Фишер смотрит в стол.
– Продолжайте в том же духе, – говорит он после минутного размышления, – и я, возможно, найму вас на работу, когда мы закончим с этим делом. – Он начинает загибать пальцы. – Отвечайте только на мои вопросы. Как только начнете поучать присяжных, я лишу вас слова. Если я упоминаю о временном помешательстве, черт побери, найдите способ это подтвердить, не клевеща на себя. Если покажете свой нрав – приготовьтесь приятно провести в тюрьме долгие годы.
– Хорошо.
Я вскакиваю, готовая вернуться в зал.
Но Фишер не спешит вставать.
– Нина, просто чтобы вы знали… Даже если вам не удастся убедить присяжных, меня вы убедили.
Три месяца назад, если бы я услышала такое от адвоката, я бы рассмеялась. Но сейчас я улыбаюсь Фишеру и жду, пока он подойдет к двери, где стою я. Мы входим в зал суда одной командой.
Зал суда за последние семь лет стал мне домом родным. На некоторых он наводит страх, но только не на меня. Я знаю правила: когда подойти к секретарю, когда обратиться к присяжным, как отклониться назад и прошептать что-то кому-то на галерке, не привлекая к себе внимания. Но сейчас я сижу в том месте этого дома, где раньше никогда не бывала. Двигаться мне нельзя. Нельзя делать то, что я делаю обычно.
Я начинаю понимать, почему многие боятся суда.
Свидетельская трибуна такая маленькая, что я упираюсь в нее коленями. В меня, словно крошечные иголки, впиваются взгляды сотен людей.

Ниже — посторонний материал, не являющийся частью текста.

(* Let $G$ be a domain in $\mathbb{C}^n$ and let $E$ be a pluripolar subset of $G$. Assume $u$ is a plurisubharmonic function on $G$ such that $Z=\{z\in G:u(z)=-\infty\}\supset E$ and $u$ is locally bounded on $G\setminus Z$. Then for every domain $D\Subset G$ and every open set $U\supset Z$, $$\omega(z,E\cap D,D)=\omega(z,E\cap D,U\cap D),\qquad z\in U\cap D.$$
   Context: For an open set $\Omega\subset\mathbb{C}^n$ and $E\subset\Omega$, the relative extremal function (pluriharmonic measure) is $\omega(z,E,\Omega)=-\sup\{v(z): v \text{ plurisubharmonic on }\Omega,\ v\le-1\text{ on }E,\ v\le0\text{ on }\Omega\}$, $z\in\Omega$ (for disconnected $\Omega$ this is computed on each connected component separately). *)

theory Defs
  imports "HOL-Analysis.Analysis"
begin

text \<open>Points of C^n are modelled as complex ^ 'n with 'n a finite index type.
  Functions take values in ereal (value +\<infinity> excluded for psh functions).\<close>

definition usc_on :: "'a::topological_space set \<Rightarrow> ('a \<Rightarrow> ereal) \<Rightarrow> bool" where
  "usc_on S u \<longleftrightarrow> (\<forall>x\<in>S. \<forall>c. u x < c \<longrightarrow> (\<forall>\<^sub>F y in at x within S. u y < c))"

definition circ_pt :: "complex^'n \<Rightarrow> complex^'n \<Rightarrow> real \<Rightarrow> complex^'n" where
  "circ_pt a b t = (\<chi> i. a $ i + cis t * b $ i)"

definition circle_mean :: "(complex^'n \<Rightarrow> ereal) \<Rightarrow> complex^'n \<Rightarrow> complex^'n \<Rightarrow> ereal" where
  "circle_mean u a b =
     (enn2ereal (\<integral>\<^sup>+ t. e2ennreal (u (circ_pt a b t)) * indicator {0..2*pi} t \<partial>lborel)
      - enn2ereal (\<integral>\<^sup>+ t. e2ennreal (- u (circ_pt a b t)) * indicator {0..2*pi} t \<partial>lborel))
     / ereal (2*pi)"

text \<open>Plurisubharmonic functions on an open set \<Omega>: upper semicontinuous, < +\<infinity>,
  and sub-mean-value property on every closed complex disc {a + \<zeta> b : |\<zeta>| \<le> 1} in \<Omega>
  (i.e. subharmonic, or identically -\<infinity>, on each complex line).\<close>
definition psh :: "(complex^'n) set \<Rightarrow> (complex^'n \<Rightarrow> ereal) \<Rightarrow> bool" where
  "psh \<Omega> u \<longleftrightarrow> open \<Omega> \<and> usc_on \<Omega> u \<and> (\<forall>z\<in>\<Omega>. u z < \<infinity>) \<and>
     (\<forall>a b. (\<forall>\<zeta>::complex. cmod \<zeta> \<le> 1 \<longrightarrow> (\<chi> i. a $ i + \<zeta> * b $ i) \<in> \<Omega>)
        \<longrightarrow> u a \<le> circle_mean u a b)"

definition pluripolar :: "(complex^'n) set \<Rightarrow> bool" where
  "pluripolar E \<longleftrightarrow> (\<forall>a\<in>E. \<exists>r>0. \<exists>v. psh (ball a r) v \<and> (\<exists>z\<in>ball a r. v z \<noteq> -\<infinity>)
                         \<and> (\<forall>x\<in>E \<inter> ball a r. v x = -\<infinity>))"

Я думаю о том, что говорила сотням свидетелей за свою карьеру: «Все, что от вас требуется, – это сделать три вещи: выслушать вопрос, ответить на него и замолчать». Помню, что постоянно повторял мой начальник: лучшие свидетели – водители-дальнобойщики и рабочие на сборочном конвейере, потому что они намного более сдержаны на язык, чем, скажем, адвокаты с избытком образования.
Фишер протягивает мне ордер на арест Калеба:
– Нина, зачем вы выписали этот ордер?
– В то время я думала, что Натаниэль указал на моего мужа как на человека, который подверг его сексуальному насилию.
– Что-то в поведении вашего мужа заставило вас в это поверить?
Я нахожу в зале Калеба и качаю головой:
– Абсолютно ничего.
– Однако вы предприняли беспрецедентный шаг и выписали ордер на арест своего мужа, чтобы ограничить его встречи с вашим общим сыном?
– Я сосредоточилась только на том, чтобы защитить сына. Если Натаниэль сказал, что его обидел отец… я сделала единственное, что могла, чтобы его защитить.
– Когда вы решили аннулировать ордер? – спрашивает шифер.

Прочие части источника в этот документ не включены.